The second stacktrace has two different requests objects in DefaultServer line 1429. They are constructed just above in line 1414. It would make sense that the second request reuses the readonly connection obtained by the first request.

Under EBean 12 this nesting indeed does not happen. And if an explicit JTA transaction is started, both request use that connection.

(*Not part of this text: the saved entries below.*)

(* Let $\Phi,\Psi,S,T$ be finite sets and let $p(\varphi)$ on $\Phi$ and $p(\psi)$ on $\Psi$ be fixed probability distributions with full support. Let $\pi:S\times T\times\Phi\to\mathbb{R}$ be a payoff function that depends only on the signals and on the first player's state of nature. Suppose $p(s,t,\varphi,\psi)$ is a state-consistent entangled joint distribution on $S\times T\times\Phi\times\Psi$ that maximizes the expected payoff $\sum_{s,t,\varphi,\psi}\pi(s,t;\varphi)\,p(s,t,\varphi,\psi)$ among all state-consistent entangled joint distributions. Then there exists a state-consistent classically generated joint distribution $\widetilde p(s,t,\varphi,\psi)$ whose expected payoff $\sum_{s,t,\varphi,\psi}\pi(s,t;\varphi)\,\widetilde p(s,t,\varphi,\psi)$ equals this maximal value. That is, the maximal expected payoff achievable with state-consistent entangled signals coincides with the expected payoff of certain state-consistent classically generated signals.
   Context: Coordination game: player A privately observes a state of nature $\varphi\in\Phi$, player B privately observes $\psi\in\Psi$; $\varphi$ and $\psi$ are independent with joint distribution $p(\varphi,\psi)=p(\varphi)p(\psi)$. Players receive signals $s\in S$ (A) and $t\in T$ (B) and play their signals as actions; the payoff is $\pi(s,t;\varphi)$ and the expected payoff of a joint distribution $q(s,t,\varphi,\psi)$ is $\sum\pi(s,t;\varphi)q(s,t,\varphi,\psi)$. A joint distribution of $(s,t,\varphi,\psi)$ is: state-consistent if its $(\varphi,\psi)$-marginal equals $p(\varphi)p(\psi)$; disjoint if $\Pr\{\psi\mid\varphi,s\}=\Pr\{\psi\mid\varphi\}$ and $\Pr\{\varphi\mid\psi,t\}=\Pr\{\varphi\mid\psi\}$ (whenever the conditioning events have positive probability); classically generated if there exists a random variable $x$ (jointly distributed with $(s,t,\varphi,\psi)$) independent of $(\varphi,\psi)$ such that $p(s,t\mid x,\varphi,\psi)=p(s\mid x,\varphi)\,p(t\mid x,\psi)$; entangled if it is disjoint and not classically generated. *)

theory Defs
  imports Complex_Main
begin
text \<open>Lift every point \<open>p\<close> to \<open>(p, norm p ^ 2)\<close> on the paraboloid. Over \<open>z\<close>, the planes
  through the two lifted triangles lie at heights \<open>h\<close> and \<open>h'\<close> above the paraboloid. Each empty
  circle puts the lifted vertices of the other triangle weakly above its plane, so \<open>h = h'\<close>,
  and then \<open>a\<close>, \<open>b\<close>, \<open>c\<close> lie on the circumcircle of \<open>a'\<close>, \<open>b'\<close>, \<open>c'\<close>.\<close>
lemma delaunay_ccw_overlap_subset:
  assumes gp: "general_position S"
    and T: "delaunay_ccw S a b c" and T': "delaunay_ccw S a' b' c'"
    and l: "l1 > 0" "l2 > 0" "l3 > 0" "l1 + l2 + l3 = 1"
    and m: "m1 \<ge> 0" "m2 \<ge> 0" "m3 \<ge> 0" "m1 + m2 + m3 = 1"
    and z: "z = l1 *\<^sub>R a + l2 *\<^sub>R b + l3 *\<^sub>R c" "z = m1 *\<^sub>R a' + m2 *\<^sub>R b' + m3 *\<^sub>R c'"
  shows "{a, b, c} \<subseteq> {a', b', c'}"
proof -
  let ?f = "incircle a b c" and ?f' = "incircle a' b' c'"
  define h where "h = l1 * norm a ^ 2 + l2 * norm b ^ 2 + l3 * norm c ^ 2 - norm z ^ 2"
  define h' where "h' = m1 * norm a' ^ 2 + m2 * norm b' ^ 2 + m3 * norm c' ^ 2 - norm z ^ 2"
  have o: "orient a b c > 0" "orient a' b' c' > 0" and
    empty: "\<forall>d\<in>S. ?f d \<le> 0" "\<forall>d\<in>S. ?f' d \<le> 0" and
    S: "a \<in> S" "b \<in> S" "c \<in> S" "a' \<in> S" "b' \<in> S" "c' \<in> S"
    using T T' by (auto simp: delaunay_ccw_def)
  have "?f z = orient a b c * h"
    using incircle_convex_combination[OF l(4) z(1), of a b c] by (simp add: incircle_vertices h_def)
  then have "m1 * ?f a' + m2 * ?f b' + m3 * ?f c' = orient a b c * (h - h')"
    using incircle_convex_combination[OF m(4) z(2), of a b c] by (simp add: h'_def algebra_simps)
  moreover have "m1 * ?f a' + m2 * ?f b' + m3 * ?f c' \<le> 0"
    using empty S m by (simp add: add_nonpos_nonpos mult_nonneg_nonpos)
  ultimately have "h \<le> h'" using o by (simp add: mult_le_0_iff)
  have "?f' z = orient a' b' c' * h'"
    using incircle_convex_combination[OF m(4) z(2), of a' b' c'] by (simp add: incircle_vertices h'_def)
  then have sum: "l1 * ?f' a + l2 * ?f' b + l3 * ?f' c = orient a' b' c' * (h' - h)"
    using incircle_convex_combination[OF l(4) z(1), of a' b' c'] by (simp add: h_def algebra_simps)
  have terms: "l1 * ?f' a \<le> 0" "l2 * ?f' b \<le> 0" "l3 * ?f' c \<le> 0"
    using empty S l by (simp_all add: mult_nonneg_nonpos)
  then have "orient a' b' c' * (h' - h) \<le> 0" using sum by linarith
  then have "h' \<le> h" using o by (simp add: mult_le_0_iff)
  with \<open>h \<le> h'\<close> sum have "l1 * ?f' a + l2 * ?f' b + l3 * ?f' c = 0" by simp
  with terms have "l1 * ?f' a = 0" "l2 * ?f' b = 0" "l3 * ?f' c = 0" by linarith+
  then have "?f' a = 0" "?f' b = 0" "?f' c = 0" using l by simp_all
  then show ?thesis using delaunay_ccw_cocircular[OF gp T'] S by blast
qed
(* Let $T$ be any spanning tree of $G$ and let $\tau=\sum_{(i,j)\in T}\frac{r(i,j)}{R(C(i,j))}$ (which equals the total stretch $\mathrm{st}_T(G,\mathbf r)$ of $T$). Let $\epsilon>0$. After $K=\tau\ln(\frac{\tau}{\epsilon})$ iterations, the algorithm Dual KOSZ (run with the tree $T$) returns $\mathbf{x}^K\in\mathbb{R}^V$ and $\mathbf{f}^K\in\mathbb{R}^{\vec E}$ such that $$\mathbb{E}\|\mathbf{x}^*-\mathbf{x}^K\|_{\mathbf L}^2\le \frac{\epsilon}{\tau}\|\mathbf{x}^*\|_{\mathbf L}^2\quad\text{and}\quad \mathbb{E}[\mathcal{E}(\mathbf f^K)]\le(1+\epsilon)\mathcal{E}(\mathbf f^* ),$$ where $\mathbf f^*$ is the minimum-energy $\mathbf b$-flow and $\mathbf x^*$ is any maximizer of $\mathcal B$.
   Context: $G=(V,E)$ is a connected undirected graph with $n$ vertices and $m$ edges, resistances $r(e)>0$, and $\vec E$ an arbitrary fixed orientation of $E$; for $(i,j)\in\vec E$ set $f(j,i)=-f(i,j)$. A supply vector $\mathbf b\in\mathbb R^V$ satisfies $\sum_i b(i)=0$. A $\mathbf b$-flow is $\mathbf f\in\mathbb R^{\vec E}$ with $\sum_{j:(i,j)\in\vec E}f(i,j)-\sum_{j:(j,i)\in\vec E}f(j,i)=b(i)$ for all $i$. Energy: $\mathcal E(\mathbf f)=\frac12\sum_{e}r(e)f(e)^2$; $\mathbf f^*$ minimizes $\mathcal E$ over $\mathbf b$-flows. $\mathbf L=\sum_{ij\in E}\frac1{r(i,j)}(\mathbf e_i-\mathbf e_j)(\mathbf e_i-\mathbf e_j)^\top$, $\|\mathbf y\|_{\mathbf L}^2=\mathbf y^\top\mathbf L\mathbf y$, $\mathcal B(\mathbf x)=\mathbf b^\top\mathbf x-\frac12\mathbf x^\top\mathbf L\mathbf x$, and $\mathbf x^*$ maximizes $\mathcal B$ (equivalently $\mathbf L\mathbf x^*=\mathbf b$). Stretch: $\mathrm{st}_T(G,\mathbf r)=\sum_{(i,j)\in\vec E}\frac1{r(i,j)}\sum_{(k,l)\in P(i,j)}r(k,l)$, $P(i,j)$ the tree path. Root $T$ arbitrarily and direct tree edges toward the root; for a tree edge $(i,j)$, $C(i,j)$ is the vertex set of the component of $T-ij$ containing $i$. For $C\subset V$: $\delta(C)$ is the set of edges with exactly one endpoint in $C$, $R(C)=(\sum_{e\in\delta(C)}1/r(e))^{-1}$, $b(C)=\sum_{v\in C}b(v)$, and for potentials $\mathbf x$, $f_{\mathbf x}(C)=\sum_{ij\in E,\,i\in C,\,j\notin C}\frac{x(i)-x(j)}{r(i,j)}$. The tree-defined flow $\mathbf f_{T,\mathbf x}$ has $f_{T,\mathbf x}(i,j)=\frac{x(i)-x(j)}{r(i,j)}$ on non-tree edges, and on tree edges the unique values making it a $\mathbf b$-flow. Dual KOSZ: set $\mathbf x^0=0$; in each iteration $t$, sample a tree edge $(i,j)$ with probability $P_{ij}=\frac1\tau\cdot\frac{r(i,j)}{R(C(i,j))}$ independently, let $C=C(i,j)$, $\Delta^t=(b(C)-f_{\mathbf x^t}(C))R(C)$, and set $x^{t+1}(v)=x^t(v)+\Delta^t$ for $v\in C$, $x^{t+1}(v)=x^t(v)$ otherwise. After $K$ iterations output $\mathbf x^K$ and $\mathbf f^K=\mathbf f_{T,\mathbf x^K}$. *)

theory Defs
  imports Complex_Main
begin

text \<open>Graph: vertex set V, edge set E given by its fixed orientation (pairs (i,j)).
  Undirected reachability uses the symmetric closure.\<close>

definition reach :: "('v \<times> 'v) set \<Rightarrow> 'v \<Rightarrow> 'v \<Rightarrow> bool" where
  "reach F u w \<longleftrightarrow> (u, w) \<in> (F \<union> F\<inverse>)\<^sup>*"

definition connected_on :: "'v set \<Rightarrow> ('v \<times> 'v) set \<Rightarrow> bool" where
  "connected_on V F \<longleftrightarrow> (\<forall>u\<in>V. \<forall>w\<in>V. reach F u w)"

definition spanning_tree :: "'v set \<Rightarrow> ('v \<times> 'v) set \<Rightarrow> ('v \<times> 'v) set \<Rightarrow> bool" where
  "spanning_tree V E T \<longleftrightarrow> T \<subseteq> E \<and> connected_on V T \<and>
     (\<forall>e\<in>T. \<not> reach (T - {e}) (fst e) (snd e))"

definition component :: "('v \<times> 'v) set \<Rightarrow> 'v \<Rightarrow> 'v set" where
  "component F v = {w. reach F v w}"

text \<open>C(e) for a tree edge e, with T rooted at rho and tree edges directed toward the root:
  the component of T - e not containing the root.\<close>
definition treeC :: "('v \<times> 'v) set \<Rightarrow> 'v \<Rightarrow> ('v \<times> 'v) \<Rightarrow> 'v set" where
  "treeC T rho e = (if rho \<in> component (T - {e}) (fst e)
                    then component (T - {e}) (snd e) else component (T - {e}) (fst e))"

definition cut :: "('v \<times> 'v) set \<Rightarrow> 'v set \<Rightarrow> ('v \<times> 'v) set" where
  "cut E C = {e \<in> E. (fst e \<in> C) \<noteq> (snd e \<in> C)}"

definition Rcut :: "('v \<times> 'v) set \<Rightarrow> ('v \<times> 'v \<Rightarrow> real) \<Rightarrow> 'v set \<Rightarrow> real" where
  "Rcut E r C = 1 / (\<Sum>e\<in>cut E C. 1 / r e)"

definition bset :: "('v \<Rightarrow> real) \<Rightarrow> 'v set \<Rightarrow> real" where
  "bset b C = (\<Sum>v\<in>C. b v)"

definition cutflow :: "('v \<times> 'v) set \<Rightarrow> ('v \<times> 'v \<Rightarrow> real) \<Rightarrow> ('v \<Rightarrow> real) \<Rightarrow> 'v set \<Rightarrow> real" where
  "cutflow E r x C = (\<Sum>e\<in>cut E C.
      (if fst e \<in> C then x (fst e) - x (snd e) else x (snd e) - x (fst e)) / r e)"

definition tau :: "('v \<times> 'v) set \<Rightarrow> ('v \<times> 'v \<Rightarrow> real) \<Rightarrow> ('v \<times> 'v) set \<Rightarrow> 'v \<Rightarrow> real" where
  "tau E r T rho = (\<Sum>e\<in>T. r e / Rcut E r (treeC T rho e))"

definition prob_edge :: "('v \<times> 'v) set \<Rightarrow> ('v \<times> 'v \<Rightarrow> real) \<Rightarrow> ('v \<times> 'v) set \<Rightarrow> 'v
    \<Rightarrow> ('v \<times> 'v) \<Rightarrow> real" where
  "prob_edge E r T rho e = (1 / tau E r T rho) * (r e / Rcut E r (treeC T rho e))"

definition dkosz_step :: "('v \<times> 'v) set \<Rightarrow> ('v \<times> 'v \<Rightarrow> real) \<Rightarrow> ('v \<Rightarrow> real) \<Rightarrow> ('v \<times> 'v) set
    \<Rightarrow> 'v \<Rightarrow> ('v \<Rightarrow> real) \<Rightarrow> ('v \<times> 'v) \<Rightarrow> ('v \<Rightarrow> real)" where
  "dkosz_step E r b T rho x e =
     (let C = treeC T rho e;
          \<Delta> = (bset b C - cutflow E r x C) * Rcut E r C
      in (\<lambda>v. if v \<in> C then x v + \<Delta> else x v))"

text \<open>Expectation of g(x^k) when k iterations of Dual KOSZ are run from x, each
  iteration sampling a tree edge independently with probability prob_edge.\<close>
primrec dkosz_expect :: "('v \<times> 'v) set \<Rightarrow> ('v \<times> 'v \<Rightarrow> real) \<Rightarrow> ('v \<Rightarrow> real) \<Rightarrow> ('v \<times> 'v) set
    \<Rightarrow> 'v \<Rightarrow> nat \<Rightarrow> (('v \<Rightarrow> real) \<Rightarrow> real) \<Rightarrow> ('v \<Rightarrow> real) \<Rightarrow> real" where
  "dkosz_expect E r b T rho 0 g x = g x"
| "dkosz_expect E r b T rho (Suc k) g x =
     (\<Sum>e\<in>T. prob_edge E r T rho e * dkosz_expect E r b T rho k g (dkosz_step E r b T rho x e))"

text \<open>Flows are functions on oriented edges (values off E are irrelevant except in tree_flow,
  where they are normalised to 0).\<close>
definition net_out :: "('v \<times> 'v) set \<Rightarrow> ('v \<times> 'v \<Rightarrow> real) \<Rightarrow> 'v \<Rightarrow> real" where
  "net_out E f v = (\<Sum>e\<in>{e\<in>E. fst e = v}. f e) - (\<Sum>e\<in>{e\<in>E. snd e = v}. f e)"

definition is_bflow :: "'v set \<Rightarrow> ('v \<times> 'v) set \<Rightarrow> ('v \<Rightarrow> real) \<Rightarrow> ('v \<times> 'v \<Rightarrow> real) \<Rightarrow> bool" where
  "is_bflow V E b f \<longleftrightarrow> (\<forall>v\<in>V. net_out E f v = b v)"

definition energy :: "('v \<times> 'v) set \<Rightarrow> ('v \<times> 'v \<Rightarrow> real) \<Rightarrow> ('v \<times> 'v \<Rightarrow> real) \<Rightarrow> real" where
  "energy E r f = (1/2) * (\<Sum>e\<in>E. r e * (f e)\<^sup>2)"

definition Lnorm2 :: "('v \<times> 'v) set \<Rightarrow> ('v \<times> 'v \<Rightarrow> real) \<Rightarrow> ('v \<Rightarrow> real) \<Rightarrow> real" where
  "Lnorm2 E r y = (\<Sum>e\<in>E. (1 / r e) * (y (fst e) - y (snd e))\<^sup>2)"

definition Bfun :: "'v set \<Rightarrow> ('v \<times> 'v) set \<Rightarrow> ('v \<times> 'v \<Rightarrow> real) \<Rightarrow> ('v \<Rightarrow> real) \<Rightarrow> ('v \<Rightarrow> real) \<Rightarrow> real" where
  "Bfun V E r b x = (\<Sum>v\<in>V. b v * x v) - (1/2) * Lnorm2 E r x"
(* Let $g:\mathbb C\times\mathbb R\to\mathbb R$ be smooth and let $f=(g,\mathrm{pr}_{\mathbb R}):\mathbb C\times\mathbb R\to\mathbb R^2$. Then the map $f\circ \mathrm{Hopf}:\mathbb C^2\to\mathbb R^2$ is an $S$-invariant nodal Lagrangian fibration with a single focus-focus singularity at the origin if and only if $f$ is a submersion.
   Context: $\mathbb C^2$ carries its standard Kähler structure with coordinates $z_1,z_2$. $\mu(z_1,z_2)=\pi(|z_1|^2-|z_2|^2)$ generates the action of $S=\mathbb R/\mathbb Z$ given by $\theta\cdot(z_1,z_2)=(e^{2\pi i\theta}z_1,e^{-2\pi i\theta}z_2)$, and $\mathrm{Hopf}:\mathbb C^2\to\mathbb C\times\mathbb R$, $(z_1,z_2)\mapsto(2\pi z_1z_2,\mu(z_1,z_2))$. A nodal Lagrangian submersion (fibration) $p:X^4\to B^2$ is a smooth map whose kernel at each regular point is a Lagrangian subspace and all of whose critical points are of focus-focus type: for $F=(f_1,f_2)$ with $\{f_1,f_2\}=0$, a critical point $m$ ($dF(m)=0$) is of focus-focus type if the Hessians of $f_1,f_2$ at $m$ are linearly independent and, in some symplectic basis $e_1,f_1,e_2,f_2$ of $T_mX$, are linear combinations of the quadratic forms $e^1\wedge f^1+e^2\wedge f^2$ and $e^1\wedge f^2-e^2\wedge f^1$. *)

theory Defs
  imports "HOL-Analysis.Analysis"
begin

text \<open>Smooth (C-infinity) maps: there is a family of iterated Frechet derivatives
  D vs x (vs = list of directions), each of which is Frechet differentiable
  with derivative given by the next one.\<close>
definition smooth :: "('a::real_normed_vector \<Rightarrow> 'b::real_normed_vector) \<Rightarrow> bool" where
  "smooth f \<longleftrightarrow> (\<exists>D :: 'a list \<Rightarrow> 'a \<Rightarrow> 'b. D [] = f \<and>
      (\<forall>vs x. (D vs has_derivative (\<lambda>h. D (h # vs) x)) (at x)))"

definition submersion :: "('a::real_normed_vector \<Rightarrow> 'b::real_normed_vector) \<Rightarrow> bool" where
  "submersion f \<longleftrightarrow> (\<forall>p. f differentiable (at p) \<and> surj (frechet_derivative f (at p)))"

text \<open>Standard Kaehler (symplectic) form on C^2: sum of dx_k /\ dy_k.\<close>
definition omega :: "complex \<times> complex \<Rightarrow> complex \<times> complex \<Rightarrow> real" where
  "omega u v = Im (cnj (fst u) * fst v) + Im (cnj (snd u) * snd v)"

definition mu :: "complex \<times> complex \<Rightarrow> real" where
  "mu z = pi * ((cmod (fst z))\<^sup>2 - (cmod (snd z))\<^sup>2)"

definition Hopf :: "complex \<times> complex \<Rightarrow> complex \<times> real" where
  "Hopf z = (2 * complex_of_real pi * fst z * snd z, mu z)"

text \<open>The circle action of S = R/Z (parametrised by theta in R).\<close>
definition S_act :: "real \<Rightarrow> complex \<times> complex \<Rightarrow> complex \<times> complex" where
  "S_act \<theta> z = (exp (2 * pi * \<i> * complex_of_real \<theta>) * fst z,
                 exp (- 2 * pi * \<i> * complex_of_real \<theta>) * snd z)"

definition S_invariant :: "(complex \<times> complex \<Rightarrow> 'b) \<Rightarrow> bool" where
  "S_invariant F \<longleftrightarrow> (\<forall>\<theta> z. F (S_act \<theta> z) = F z)"

definition lagrangian_subspace :: "(complex \<times> complex) set \<Rightarrow> bool" where
  "lagrangian_subspace V \<longleftrightarrow> subspace V \<and> dim V = 2 \<and> (\<forall>u\<in>V. \<forall>v\<in>V. omega u v = 0)"

definition regular_point :: "(complex \<times> complex \<Rightarrow> real \<times> real) \<Rightarrow> complex \<times> complex \<Rightarrow> bool" where
  "regular_point F m \<longleftrightarrow> surj (frechet_derivative F (at m))"

definition hessian :: "('a::real_normed_vector \<Rightarrow> real) \<Rightarrow> 'a \<Rightarrow> 'a \<Rightarrow> 'a \<Rightarrow> real" where
  "hessian h m u v = frechet_derivative (\<lambda>x. frechet_derivative h (at x) u) (at m) v"

definition symplectic_basis :: "complex \<times> complex \<Rightarrow> complex \<times> complex \<Rightarrow> complex \<times> complex \<Rightarrow> complex \<times> complex \<Rightarrow> bool" where
  "symplectic_basis e1 f1 e2 f2 \<longleftrightarrow> span {e1, f1, e2, f2} = UNIV \<and>
     omega e1 f1 = 1 \<and> omega e2 f2 = 1 \<and> omega e1 f2 = 0 \<and> omega e2 f1 = 0 \<and>
     omega e1 e2 = 0 \<and> omega f1 f2 = 0"

definition focus_focus :: "(complex \<times> complex \<Rightarrow> real \<times> real) \<Rightarrow> complex \<times> complex \<Rightarrow> bool" where
  "focus_focus F m \<longleftrightarrow>
     (let H1 = hessian (fst \<circ> F) m; H2 = hessian (snd \<circ> F) m in
       frechet_derivative F (at m) = (\<lambda>_. 0) \<and>
       (\<forall>a b. (\<forall>v. a * H1 v v + b * H2 v v = 0) \<longrightarrow> a = 0 \<and> b = 0) \<and>
       (\<exists>e1 f1 e2 f2. symplectic_basis e1 f1 e2 f2 \<and>
          (\<exists>c1 d1 c2 d2. \<forall>a1 b1 a2 b2.
             let v = a1 *\<^sub>R e1 + b1 *\<^sub>R f1 + a2 *\<^sub>R e2 + b2 *\<^sub>R f2 in
               H1 v v = c1 * (a1 * b1 + a2 * b2) + d1 * (a1 * b2 - a2 * b1) \<and>
               H2 v v = c2 * (a1 * b1 + a2 * b2) + d2 * (a1 * b2 - a2 * b1))))"

definition nodal_lagrangian_fibration :: "(complex \<times> complex \<Rightarrow> real \<times> real) \<Rightarrow> bool" where
  "nodal_lagrangian_fibration F \<longleftrightarrow> smooth F \<and>
     (\<forall>m. regular_point F m \<longrightarrow> lagrangian_subspace {v. frechet_derivative F (at m) v = 0}) \<and>
     (\<forall>m. \<not> regular_point F m \<longrightarrow> focus_focus F m)"

end

theory Submission
  imports Defs
begin

text \<open>Away from the origin the Hopf map is a submersion whose fibres are the \<open>S\<close>-orbits. Hence
  \<open>m \<noteq> 0\<close> is a regular point of \<open>F = f \<circ> Hopf\<close> iff \<open>f\<close> is a submersion at \<open>Hopf m\<close>, and then
  \<open>ker dF\<^sub>m\<close> is a 2-plane inside \<open>ker d\<mu>\<^sub>m\<close> containing the generator \<open>X\<close> of the action; since
  \<open>\<omega>(X, \<cdot>)\<close> is a multiple of \<open>d\<mu>\<^sub>m\<close>, that plane is Lagrangian. At the origin \<open>dF = 0\<close>, and as
  Hopf is quadratic the Hessians of the components of \<open>F\<close> are \<open>2 dg\<^sub>0(Hopf v)\<close> and \<open>2 \<mu>(v)\<close>.
  If \<open>dg\<^sub>0\<close> is non-zero on \<open>\<complex> \<times> 0\<close>, i.e. if \<open>f\<close> is a submersion at \<open>0\<close>, an explicit
  symplectic basis puts them into focus-focus normal form; otherwise the first is a multiple of the
  second. As Hopf is onto, these two cases cover every point of the base.\<close>

section \<open>Linear algebra\<close>

lemma linear_euclidean_expansion:
  fixes L :: "'a::euclidean_space \<Rightarrow> 'b::real_vector"
  assumes "linear L"
  shows "L w = (\<Sum>b\<in>Basis. (w \<bullet> b) *\<^sub>R L b)"
proof -
  have "L w = L (\<Sum>b\<in>Basis. (w \<bullet> b) *\<^sub>R b)"
    by (simp add: euclidean_representation)
  also have "\<dots> = (\<Sum>b\<in>Basis. (w \<bullet> b) *\<^sub>R L b)"
    by (simp add: linear_sum[OF assms] linear_scale[OF assms])
  finally show ?thesis .
qed

lemma dim_kernel_surj:
  fixes L :: "'a::euclidean_space \<Rightarrow> 'b::euclidean_space"
  assumes L: "linear L" and "surj L"
  shows "dim {v. L v = 0} + DIM('b) = DIM('a)"
proof -
  let ?A = "range (adjoint L)"
  have "subspace ?A"
    by (intro linear_subspace_image adjoint_linear L subspace_UNIV)
  then have "dim {v \<in> UNIV. \<forall>x\<in>?A. orthogonal x v} + dim ?A = dim (UNIV :: 'a set)"
    by (intro dim_subspace_orthogonal_to_vectors) auto
  moreover have "{v \<in> UNIV. \<forall>x\<in>?A. orthogonal x v} = {v. L v = 0}"
    using adjoint_works[OF L]
      by (auto simp: orthogonal_def inner_commute intro: inner_eq_zero_iff[THEN iffD1])
  moreover have "inj (adjoint L)"
  proof (subst linear_injective_0[OF adjoint_linear[OF L]], intro allI impI)
    fix y assume "adjoint L y = 0"
    then have "L x \<bullet> y = 0" for x
      using adjoint_works[OF L, of x y] by simp
    then show "y = 0"
      using \<open>surj L\<close> by (metis inner_eq_zero_iff surjD)
  qed
  then have "dim ?A = DIM('b)"
    by (simp add: dim_image_eq adjoint_linear[OF L] inj_on_subset)
  ultimately show ?thesis by simp
qed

tbee commented 3 months ago

I was able to patch the behaviour by introducing a ThreadLocal variable in OrmQueryRequest.initTransIfRequired and solely for createReadOnlyTransaction store the first transaction within a thread, and return that on subsequent calls. Does not seem like the correct way to fix it, but it appears to work.

tbee commented 3 months ago

Alternatively one can add to e.g. LoadManyRequest.createQuery code to use the existing transaction:

    if (this.transaction() != null) {
      query.usingTransaction(transaction);
    }

Or in DefaultBeanLoader

  void loadMany(LoadManyRequest loadRequest) {
    SpiQuery<?> query = loadRequest.createQuery(server);
    query.usingTransaction(loadRequest.transaction());
    executeQuery(loadRequest, query);
    loadRequest.postLoad();
  }

This feels like a better approach. Where the last one seems like it could be the fix, because it mirrors loadBean in the same class.

tbee commented 3 months ago

Any idea when a bugfix release will come out?

rbygrave commented 3 months ago

Should be on the way to central, so should be available in about 20 minutes.